Interesting article about the lying Harperites exposed:
http://www.thestar.com/opinion/commentary/2014/05/13/how_the_myth_of_a_canadian_skill_shortage_was_shattered_goar.html
So much of the TFW program appears to have been based upon deliberately fudged stats. The firm collecting data for the Cons used kijiji and counted the same jobs multiple times, when they were posted in different categories, to argue for a lack of Canadians to fill skilled jobs, therefore inventing a justification for foreign workers.
(Hmmm…that strategy sounds very familiar. Did these guys go to the same online correspondence school for statistical training as TREB/CREA staff?)
The Canadian neocon enterprise seems to be so fraudulent, so based upon willful obfuscation and outright lying.
-fake stats supporting TFWs
-‘tough on crime’ bs measures…when the crime rate is dropping substantially (mostly thanks to all those boomers finally getting wrinkly, leaving causing real trouble to the younger and smaller cohorts of the rest of us – I am trying to do my part, really I am, Steve!)
-cancelling the long form census (which recent events prove we really do need) when only 27 people (not “thousands”) complained
-pressuring climate change researchers and scientists to keep quiet
-bullying the Supreme Court, a pure bs move denounced by almost the entire legal community
-abdication of responsibility to address the RE and interest rate bubble, because it’s too close to an election
How stupid do you really have to be to support this kind of crap?
Trudeau is a total lightweight imho, but infinitely better than all this nonsense.
Hudak wants to cut 100,000 jobs and ‘promises 1,000,000’. (Bet his staff took the same statistical training as the people above)
Today, even Hazel McCallion endorsed Wynne over Hudak.
Pretty soon a very large majority of Canadians will reject entirely being any part of such a club that requires you to have an IQ under 85, or at least act like you do.
An afterthought:
Trudeau is definitely a lightweight, as I said.
What cons don’t realize is, so is Harper, in every way. He is simply not a very bright guy. That he stands out in his caucus as the opposite is revealing, to say the least.

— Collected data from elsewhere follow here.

lemma D_prism_face_function:
  fixes a b c :: "real \<times> real"
  assumes x: "x \<in> interior ((convex hull {a, b, c}) \<times> {h0..h1})"
    and F: "F \<in> {closed_segment a b \<times> {h0..h1}, closed_segment b c \<times> {h0..h1},
                 closed_segment c a \<times> {h0..h1}}"
    and G: "G \<in> {(convex hull {a, b, c}) \<times> {h0}, (convex hull {a, b, c}) \<times> {h1}}"
  obtains \<phi> where "rc_convex \<phi>" "\<And>y. y \<in> F \<union> G \<Longrightarrow> \<phi> y = 0" "0 < \<phi> x"
proof -
  have xT: "fst x \<in> interior (convex hull {a, b, c})" and xH: "h0 < snd x" "snd x < h1"
    using x by (auto simp: interior_Times)
  have edge: "\<exists>n r. (\<forall>u\<in>closed_segment p q. n \<bullet> u + r = 0) \<and> 0 < n \<bullet> fst x + r"
    if hull: "convex hull {p, q, s} = convex hull {a, b, c}" for p q s
  proof -
    obtain n where n: "n \<bullet> q = n \<bullet> p" "n \<bullet> p < n \<bullet> fst x"
      using interior_triangle_edge_separation[of "fst x" p q s] xT hull by metis
    have "closed_segment p q \<subseteq> {u. n \<bullet> u = n \<bullet> p}"
      unfolding segment_convex_hull using n(1) by (intro hull_minimal) (auto simp: convex_hyperplane)
    then show ?thesis using n(2) by (intro exI[of _ n] exI[of _ "- (n \<bullet> p)"]) auto
  qed
  obtain e where e: "F = e \<times> {h0..h1}"
    "e \<in> {closed_segment a b, closed_segment b c, closed_segment c a}"
    using F by blast
  have "convex hull {b, c, a} = convex hull {a, b, c}" "convex hull {c, a, b} = convex hull {a, b, c}"
    by (simp_all add: insert_commute)
  then have "\<exists>n r. (\<forall>u\<in>e. n \<bullet> u + r = 0) \<and> 0 < n \<bullet> fst x + r"
    using e(2) edge[of a b c] edge[of b c a] edge[of c a b] by blast
  then obtain n r where n: "\<And>u. u \<in> e \<Longrightarrow> n \<bullet> u + r = 0" "0 < n \<bullet> fst x + r"
    by blast
  obtain \<sigma> \<tau> where \<sigma>: "\<And>y. y \<in> G \<Longrightarrow> \<sigma> * snd y + \<tau> = 0" "0 < \<sigma> * snd x + \<tau>"
  proof -
    consider "G = (convex hull {a, b, c}) \<times> {h0}" | "G = (convex hull {a, b, c}) \<times> {h1}"
      using G by blast
    then show thesis
    proof cases
      case 1
      then show thesis using xH by (intro that[of 1 "- h0"]) auto
    next
      case 2
      then show thesis using xH by (intro that[of "- 1" h1]) auto
    qed
  qed
  show thesis
    by (rule that[OF rc_convex_affine_product[of n r \<sigma> \<tau>]]) (use e(1) n \<sigma> in auto)
qed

Probably why you left, eh Garth.
I hit upon an operating company with massive holdings which amounts to a spider web of intrigue. They are in big trouble heading for a bankruptcy and must sort this out with further study, as are now doing a shell game with assets. They have an outstanding debt consolidated of a mere $21.1 billion which they cannot pay with present cash flow. Stay tuned as must investigate this further. It is not who you might think, as was not obvious at all; they are hidden under the radar.
It is hard to see deflation in my house. I buy yogourt and have noticed the downsizing on the containers. On most readily edible food products there has been a downsizing of the size of the container and the prices have stayed the same. Going to the cleaners in my house like detergents etc. the same downsizing in smaller container with the same price. My hair colour has doubled in price in less than three years. My Estee Lauder moisturizers are half the size they were three years ago but the same price. Our Bell Fibe bundle started out at $75 three years ago but now is more than double that and gone are more than 75% of the channels. So I have yet to see any deflation in the regular household bills or consumer products we buy. The GREATERFOOL value is priceless as it has been and seeing what other Canadians think is always priceless.

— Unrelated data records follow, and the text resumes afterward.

lemma div_sum_fun_upd_other:
  assumes "i < n" "e \<noteq> i" "r < q"
  shows "div_sum (y(i := q * k + r)) e = (\<Sum>j\<in>{..<n} - {e} - {i}. y j div q) + k"
proof -
  have "i \<in> {..<n} - {e}" using assms by auto
  then have "div_sum (y(i := q * k + r)) e
      = (q * k + r) div q + (\<Sum>j\<in>{..<n} - {e} - {i}. (y(i := q * k + r)) j div q)"
    unfolding div_sum_def by (simp add: sum.remove)
  also have "(\<Sum>j\<in>{..<n} - {e} - {i}. (y(i := q * k + r)) j div q) = (\<Sum>j\<in>{..<n} - {e} - {i}. y j div q)"
    by (rule sum.cong) auto
  also have "(q * k + r) div q = k"
    using assms by simp
  finally show ?thesis
    by (simp only: add.commute)
qed

lemma card_lift_neighbours:
  assumes y: "y \<in> W"
  shows "card {z \<in> W. hadj n y z \<and> lift z = c} = (\<Sum>i<n. \<Sum>r<q. fibre_count y i r c)"
  unfolding card_hadj_neighbours[OF y] fibre_count_def
  by (rule sum.cong[OF refl]) (rule card_less_mult_by_residue[OF q_pos])

lemma fibre_count_colour_1:
  assumes "r < q" and f1: "f ((residues y)(i := r)) = 1"
  shows "c \<noteq> 1 \<Longrightarrow> fibre_count y i r c = 0"
    and "r \<noteq> residues y i \<Longrightarrow> fibre_count y i r 1 = p"
proof -
  have lift1: "lift (y(i := q * k + r)) = 1" for k
    using f1 residues_fun_upd[OF \<open>r < q\<close>] by (simp add: lift_def)
  then show "c \<noteq> 1 \<Longrightarrow> fibre_count y i r c = 0"
    by (simp add: fibre_count_def)
  assume "r \<noteq> residues y i"
  then have "{k. k < p \<and> q * k + r \<noteq> y i \<and> lift (y(i := q * k + r)) = 1} = {..<p}"
    using lift1 mult_add_eq_iff_div_mod[OF \<open>r < q\<close>] by (auto simp: residues_def)
  then show "fibre_count y i r 1 = p"
    by (simp add: fibre_count_def)
qed

lemma fibre_count_along_line:
  assumes y: "y \<in> W" and i: "i < n" and r: "r < q"
    and f2: "f ((residues y)(i := r)) = 2" and dir: "line_dir ((residues y)(i := r)) = i"
    and c: "c \<noteq> lift y"
  shows "fibre_count y i r c = 0"
proof -
  have "f (residues y) = 2 \<and> line_dir (residues y) = i"
    using line_dir_fun_upd_back[OF residues_in_V[OF y] i r f2 dir] .
  then have "lift (y(i := q * k + r)) = lift y" for k
    using f2 dir residues_fun_upd[OF r] div_sum_fun_upd_same by (simp add: lift_def)
  with c show ?thesis
    by (simp add: fibre_count_def)
qed

lemma fibre_count_across_line:
  assumes y: "y \<in> W" and i: "i < n" and r: "r < q"
    and f2: "f ((residues y)(i := r)) = 2" and dir: "line_dir ((residues y)(i := r)) \<noteq> i"
    and c: "c = 1 \<or> c = 2"
  shows "fibre_count y i r c = class_size c - (if r = residues y i \<and> lift y = c then 1 else 0)"
proof -
  \<comment> \<open>the colour of y(i := q k + r) is decided by K + k modulo p\<close>
  define K where "K = (\<Sum>j\<in>{..<n} - {line_dir ((residues y)(i := r))} - {i}. y j div q)"
  define A where "A = (if c = 1 then {..<t} else {t..})"
  have lift_k: "lift (y(i := q * k + r)) = c \<longleftrightarrow> (K + k) mod p \<in> A" for k
    using residues_fun_upd[OF r] f2 div_sum_fun_upd_other[OF i dir r] c
    by (auto simp: lift_def K_def A_def)
  have "card {k. k < p \<and> lift (y(i := q * k + r)) = c} = card (A \<inter> {..<p})"
    unfolding lift_k by (rule card_add_mod_in)
  also have "A \<inter> {..<p} = (if c = 1 then {..<t} else {t..<p})"
    using t_less_p by (auto simp: A_def)
  also have "card \<dots> = class_size c"
    by (simp add: class_size_def)
  finally have card_fibre: "card {k. k < p \<and> lift (y(i := q * k + r)) = c} = class_size c" .
  show ?thesis
  proof (cases "r = residues y i")
    case False
    then show ?thesis
      using card_fibre mult_add_eq_iff_div_mod[OF r] by (simp add: fibre_count_def residues_def)
  next
    case True
    let ?k = "y i div q"
    have "y(i := q * ?k + r) = y"
      using True by (simp add: residues_def)
    then have "{k. k < p \<and> q * k + r \<noteq> y i \<and> lift (y(i := q * k + r)) = c}
        = {k. k < p \<and> lift (y(i := q * k + r)) = c} - {?k}"
      and "?k \<in> {k. k < p \<and> lift (y(i := q * k + r)) = c} \<longleftrightarrow> lift y = c"
      using True mult_add_eq_iff_div_mod[OF r] div_less_p[OF y i] by (auto simp: residues_def)
    then show ?thesis
      using True card_fibre by (simp add: fibre_count_def card_Diff_singleton_if)
  qed
qed

lemma card_lift_neighbours_residue_colour_1:
  assumes y: "y \<in> W" and f1: "f (residues y) = 1"
  shows "card {z \<in> W. hadj n y z \<and> lift z = 2} = (q^2 - 1) * (p - t)"
proof -
  let ?x = "residues y"
  have xV: "?x \<in> V" by (rule residues_in_V[OF y])
  have fibre: "fibre_count y i r 2 = (if r = ?x i then 0 else p - t)" if i: "i < n" and r: "r < q" for i r
  proof (cases "r = ?x i")
    case True
    then show ?thesis using fibre_count_colour_1(1)[OF r] f1 by simp
  next
    case False
    have f2: "f (?x(i := r)) = 2"
      using colour_1_neighbour_colour_2[OF xV f1 i r False] .
    then have "line_dir (?x(i := r)) \<noteq> i"
      using line_dir_fun_upd_back[OF xV i r] f1 by auto
    then show ?thesis
      using fibre_count_across_line[OF y i r f2] False by (simp add: class_size_def)
  qed
  have row: "(\<Sum>r<q. fibre_count y i r 2) = (q - 1) * (p - t)" if i: "i < n" for i
  proof -
    have "?x i < q" using xV i by (simp add: hvert_def)
    have "(\<Sum>r<q. fibre_count y i r 2) = (\<Sum>r\<in>{r. r < q \<and> r \<noteq> ?x i}. p - t)"
      by (simp add: fibre[OF i] sum.If_cases Int_def)
    also have "\<dots> = (q - 1) * (p - t)"
      using card_other_values[OF \<open>?x i < q\<close>] by simp
    finally show ?thesis .
  qed
  have "card {z \<in> W. hadj n y z \<and> lift z = 2} = n * ((q - 1) * (p - t))"
    using card_lift_neighbours[OF y] row by simp
  also have "\<dots> = (q^2 - 1) * (p - t)"
    by (simp only: power2_minus_1_nat mult.assoc)
  finally show ?thesis .
qed

lemma fibre_count_off_line:
  assumes y: "y \<in> W" and f2: "f (residues y) = 2" and c: "c = 1 \<or> c = 2" and c_other: "c \<noteq> lift y"
    and i: "i < n" "i \<noteq> line_dir (residues y)" and r: "r < q"
  shows "fibre_count y i r c
       = (if r \<noteq> residues y i \<and> f ((residues y)(i := r)) = 1 then (if c = 1 then p else 0)
          else class_size c)"
proof -
  let ?x = "residues y"
  have xV: "?x \<in> V" by (rule residues_in_V[OF y])
  consider "r = ?x i" | "r \<noteq> ?x i" "f (?x(i := r)) = 1" | "r \<noteq> ?x i" "f (?x(i := r)) = 2"
    using colour_cases[OF hvert_fun_upd[OF xV i(1) r]] by blast
  then show ?thesis
  proof cases
    case 1
    then show ?thesis
      using fibre_count_across_line[OF y i(1) r _ _ c] f2 i(2) c_other by simp
  next
    case 2
    then show ?thesis
      using fibre_count_colour_1[OF r, of y i] c by auto
  next
    case 3
    then have "line_dir (?x(i := r)) \<noteq> i"
      using line_dir_fun_upd_back[OF xV i(1) r] i(2) by auto
    then show ?thesis
      using fibre_count_across_line[OF y i(1) r _ _ c] 3 by simp
  qed
qed

(* Off the line through the residues exactly one fibre, the one over the unique colour-1
   neighbour of the residues, has colour 1 throughout; each of the other q^2 - 1 fibres
   meets the colour class c in class_size c vertices. *)
lemma card_lift_neighbours_residue_colour_2:
  assumes y: "y \<in> W" and f2: "f (residues y) = 2" and c: "c = 1 \<or> c = 2" and c_other: "c \<noteq> lift y"
  shows "card {z \<in> W. hadj n y z \<and> lift z = c}
       = class_size c * (q * q - 1) + (if c = 1 then p else 0)"
proof -
  define x where "x = residues y"
  define d where "d = line_dir x"
  define D where "D = ({..<n} - {d}) \<times> {..<q}"
  define Q where "Q = {(i, r) \<in> D. r \<noteq> x i \<and> f (x(i := r)) = 1}"
  define \<rho> where "\<rho> = (if c = 1 then p else 0)"
  have xV: "x \<in> V" and fx: "f x = 2"
    using residues_in_V[OF y] f2 by (simp_all add: x_def)
  have d: "d < n" and d_in: "d \<in> {..<n}"
    using line_dir_in_partition[OF xV fx] by (simp_all add: d_def)
  have on_line: "(\<Sum>r<q. fibre_count y d r c) = 0"
    using fibre_count_along_line[OF y d] colour_2_along_line[OF xV fx] line_dir_along_line[OF xV fx]
      c_other by (simp add: x_def d_def)
  have off_line: "fibre_count y i r c = (if (i, r) \<in> Q then \<rho> else class_size c)"
    if "(i, r) \<in> D" for i r
    using fibre_count_off_line[OF y f2 c c_other, of i r] that
    by (simp add: D_def Q_def \<rho>_def x_def d_def)
  have "Q = (SIGMA i:{..<n}. {r. r < q \<and> r \<noteq> x i \<and> f (x(i := r)) = 1})"
    using colour_2_along_line[OF xV fx] by (auto simp: Q_def D_def d_def)
  then have card_Q: "card Q = 1"
    using card_colour_1_neighbours[OF xV fx] by (simp add: card_SigmaI)
  have card_D: "card D = q * q"
    using d_in by (simp add: D_def card_cartesian_product)
  have "Q \<subseteq> D" "finite D" by (auto simp: Q_def D_def)
  then have "finite Q" by (rule finite_subset)
  have "card {z \<in> W. hadj n y z \<and> lift z = c}
      = (\<Sum>r<q. fibre_count y d r c) + (\<Sum>i\<in>{..<n} - {d}. \<Sum>r<q. fibre_count y i r c)"
    using card_lift_neighbours[OF y] sum.remove[OF _ d_in] by simp
  also have "\<dots> = (\<Sum>(i, r)\<in>D. if (i, r) \<in> Q then \<rho> else class_size c)"
    using on_line off_line by (simp add: D_def sum.cartesian_product)
  also have "\<dots> = \<rho> * card Q + class_size c * card (D - Q)"
    using \<open>Q \<subseteq> D\<close> \<open>finite D\<close> by (simp add: sum.If_cases Int_absorb1 Diff_eq)
  also have "\<dots> = class_size c * (q * q - 1) + \<rho>"
    using card_Q card_D \<open>Q \<subseteq> D\<close> \<open>finite Q\<close> by (simp add: card_Diff_subset)
  finally show ?thesis
    by (simp add: \<rho>_def)
qed

lemma ex_lift_colour_2: "\<exists>y\<in>W. lift y = 2"
proof -
  obtain x where x: "x \<in> V" "f x = 2"
    using ex_colour by blast
  define d where "d = line_dir x"
  define j where "j = (if d = 0 then 1 else (0::nat))"
  define y where "y = x(j := q * t + x j)"
  have j: "j < n" "d \<noteq> j" using q_pos by (auto simp: j_def)
  have xj: "x j < q" using x j by (simp add: hvert_def)
  have "q * t + x j < p * q"
    using xj t_less_p mult_le_mono1[of "Suc t" p q] by (simp add: mult.commute)
  then have "y \<in> W"
    unfolding y_def using V_subset_W x(1) j(1) by (intro hvert_fun_upd) auto
  have "residues y = x"
    using residues_fun_upd[OF xj, of x j t] residues_id[OF x(1)] by (simp add: y_def)
  moreover have "div_sum y d = t"
  proof -
    have "(\<Sum>i\<in>{..<n} - {d} - {j}. x i div q) = 0"
      using x(1) by (auto simp: hvert_def)
    then show ?thesis
      using div_sum_fun_upd_other[OF j(1) j(2) xj] by (simp add: y_def)
  qed
  ultimately have "lift y = 2"
    using x t_less_p by (simp add: lift_def d_def)
  with \<open>y \<in> W\<close> show ?thesis by blast
qed

lemma lift_image: "lift ` W = {1, 2}"
proof
  show "lift ` W \<subseteq> {1, 2}"
    using lift_cases by auto
  obtain x where "x \<in> V" "f x = 1"
    using ex_colour by blast
  then have "x \<in> W" "lift x = 1"
    using V_subset_W residues_id by (auto simp: lift_def)
  obtain y where "y \<in> W" "lift y = 2"
    using ex_lift_colour_2 by blast
  have "lift x \<in> lift ` W" "lift y \<in> lift ` W"
    using \<open>x \<in> W\<close> \<open>y \<in> W\<close> by simp_all
  then show "{1, 2} \<subseteq> lift ` W"
    using \<open>lift x = 1\<close> \<open>lift y = 2\<close> by simp
qed

lemma lift_is_coloring: "is_coloring n (p * q) ((q^2 - 1) * (p - t)) ((q^2 - 1) * t + p) lift"
  unfolding is_coloring_def
proof (intro conjI ballI impI)
  show "lift ` W = {1, 2}" by (rule lift_image)
next
  fix y assume y: "y \<in> W" and "lift y = 1"
  show "card {z \<in> W. hadj n y z \<and> lift z = 2} = (q^2 - 1) * (p - t)"
  proof (cases "f (residues y) = 1")
    case True
    then show ?thesis by (rule card_lift_neighbours_residue_colour_1[OF y])
  next
    case False
    then have "f (residues y) = 2" using colour_cases[OF residues_in_V[OF y]] by simp
    with y \<open>lift y = 1\<close> show ?thesis
      using card_lift_neighbours_residue_colour_2[of y 2]
      by (simp add: class_size_def power2_eq_square mult.commute)
  qed
next
  fix y assume y: "y \<in> W" and "lift y = 2"
  then have "f (residues y) = 2"
    using colour_cases[OF residues_in_V[OF y]] by (auto simp: lift_def split: if_splits)
  with y \<open>lift y = 2\<close> show "card {z \<in> W. hadj n y z \<and> lift z = 1} = (q^2 - 1) * t + p"
    using card_lift_neighbours_residue_colour_2[of y 1]
    by (simp add: class_size_def power2_eq_square mult.commute)
qed

end

lemma main_eigenvalue_lifted:
  assumes "0 < q" "t \<le> p"
  shows "main_eigenvalue (q + 1) (p * q) ((q^2 - 1) * (p - t)) ((q^2 - 1) * t + p)
       = int q * (int p - 1) - 1"
proof -
  have q2: "int (q^2 - 1) = int q * int q - 1" and pt: "int (p - t) = int p - int t"
    using assms by (simp_all add: of_nat_diff power2_eq_square)
  have "main_eigenvalue (q + 1) (p * q) ((q^2 - 1) * (p - t)) ((q^2 - 1) * t + p)
      = (int q + 1) * (int p * int q - 1)
        - ((int q * int q - 1) * (int p - int t) + ((int q * int q - 1) * int t + int p))"
    unfolding main_eigenvalue_def by (simp only: of_nat_add of_nat_mult of_nat_1 q2 pt)
  also have "\<dots> = int q * (int p - 1) - 1"
    by (simp add: algebra_simps)
  finally show ?thesis .
qed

Justifying the need for foreign workes by looking at Kijiji?
I am wondering how they calculate the CMHC risk, probably by studying the air humidity patterns in Toronto.
#151 HogtownIndebted — “What cons don’t realize is, so is Harper, in every way. He is simply not a very bright guy.”

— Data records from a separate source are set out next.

(* Let $\mathcal{H}=W_{r_1}\otimes\dots\otimes W_{r_N}$ with $\dim W_{r_i}=r_i+1$, and let $\xi_1,\dots,\xi_N\in\mathbb{C}$. Assume the family of $R$-matrices described in the context satisfies the Yang–Baxter equation and the initial condition $R^{W_rW_r}(0)=P^{W_rW_r}$. Fix a site $n\in\{1,\dots,N\}$ and assume that the transfer matrices $t^{(r_i)}(\xi_i)$, $1\le i\le n$, are invertible operators on $\mathcal{H}$. Then for every operator $E^\alpha\in\operatorname{End}(W_{r_n})$, denoting by $E^\alpha_n$ its action on the $n$-th tensor factor of $\mathcal{H}$ and by $E^\alpha_0$ its action on the auxiliary space $W_0\simeq W_{r_n}$, \[ E_n^\alpha=\Big\{\prod_{i=1}^{n-1}t^{(r_i)}(\xi_i)\Big\}\,\operatorname{tr}_0\big(E_0^\alpha\,T^{(r_n)}_{0,1\dots N}(\xi_n)\big)\,\Big\{\prod_{i=1}^{n}t^{(r_i)}(\xi_i)\Big\}^{-1}. \]
   Context: For finite-dimensional spaces $W_r$ (of dimension $r+1$) one is given, for every pair $(W_r,W_s)$, an operator-valued function $R^{W_rW_s}(\lambda)\in\operatorname{End}(W_r\otimes W_s)$. For spaces labelled $a,b$ in a tensor product, $R_{ab}(\lambda)$ denotes this operator acting on factors $a,b$ (identity elsewhere). Yang–Baxter equation: for any three such spaces labelled $1,2,3$ and any $\lambda_1,\lambda_2,\lambda_3$, $R_{12}(\lambda_1-\lambda_2)R_{13}(\lambda_1-\lambda_3)R_{23}(\lambda_2-\lambda_3)=R_{23}(\lambda_2-\lambda_3)R_{13}(\lambda_1-\lambda_3)R_{12}(\lambda_1-\lambda_2)$. $P^{W_rW_r}$ is the permutation (flip) operator on $W_r\otimes W_r$. For a chosen auxiliary space $W_0$ (labelled 0) isomorphic to $W_{r_n}$, the monodromy matrix is $T^{(r_n)}_{0,1\dots N}(\lambda)=R^{W_0W_{r_N}}_{0N}(\lambda-\xi_N)\cdots R^{W_0W_{r_1}}_{01}(\lambda-\xi_1)\in\operatorname{End}(W_0\otimes\mathcal{H})$, and the transfer matrix is $t^{(r_n)}(\lambda)=\operatorname{tr}_0 T^{(r_n)}_{0,1\dots N}(\lambda)\in\operatorname{End}(\mathcal{H})$, the partial trace being over $W_0$. The transfer matrices $t^{(r_i)}(\xi_i)$ mutually commute. *)

theory Defs
  imports Complex_Main
begin

text \<open>Tensor factors are labelled by natural numbers (slots); slot 0 is the
auxiliary space, slots 1..N the sites. A labelling rho assigns to slot i the label r of the space
W_r (of dimension r+1, basis indices 0..r). A basis vector of the tensor product over a finite set
S of slots is a multi-index x :: nat => nat with x i <= rho i for i in S and x i = 0 outside S.
An operator is given by its matrix entries A x y (row x, column y).\<close>

type_synonym mop = "(nat \<Rightarrow> nat) \<Rightarrow> (nat \<Rightarrow> nat) \<Rightarrow> complex"

text \<open>Family of R-matrices: Rm r s lam (i,j) (k,l) is the entry of R^{W_r W_s}(lam) in the
basis e_i (x) e_j (row), e_k (x) e_l (column), with i,k <= r and j,l <= s.\<close>
type_synonym rfam = "nat \<Rightarrow> nat \<Rightarrow> complex \<Rightarrow> nat \<times> nat \<Rightarrow> nat \<times> nat \<Rightarrow> complex"

definition states :: "(nat \<Rightarrow> nat) \<Rightarrow> nat set \<Rightarrow> (nat \<Rightarrow> nat) set" where
  "states \<rho> S = {x. \<forall>i. (i \<in> S \<longrightarrow> x i \<le> \<rho> i) \<and> (i \<notin> S \<longrightarrow> x i = 0)}"

definition op_mult :: "(nat \<Rightarrow> nat) \<Rightarrow> nat set \<Rightarrow> mop \<Rightarrow> mop \<Rightarrow> mop" where
  "op_mult \<rho> S A B = (\<lambda>x y. \<Sum>z\<in>states \<rho> S. A x z * B z y)"

definition op_id :: mop where
  "op_id = (\<lambda>x y. if x = y then 1 else 0)"

definition op_eq :: "(nat \<Rightarrow> nat) \<Rightarrow> nat set \<Rightarrow> mop \<Rightarrow> mop \<Rightarrow> bool" where
  "op_eq \<rho> S A B \<longleftrightarrow> (\<forall>x\<in>states \<rho> S. \<forall>y\<in>states \<rho> S. A x y = B x y)"

definition op_prod :: "(nat \<Rightarrow> nat) \<Rightarrow> nat set \<Rightarrow> mop list \<Rightarrow> mop" where
  "op_prod \<rho> S As = foldr (op_mult \<rho> S) As op_id"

There’s only a few time-tested ways of getting to the top of the greasy pole. Harper did not get there with charm, connections or his own fortune. By elimination, we must conclude that he was a political genius. Has he grown out of touch and surrounded himself with lickspittle sycophants? I think so. But he got there in the first place.
#142 smoking man on CERN and neutrinos
Check your info on neutrinos. They arrive first not faster. This fact due to how they are dispersed in cosmic events.
Hawking and Einstein wrong ?…you being silly now man…you would have been better off arguing for worm holes , quantum shifts or something to that effect.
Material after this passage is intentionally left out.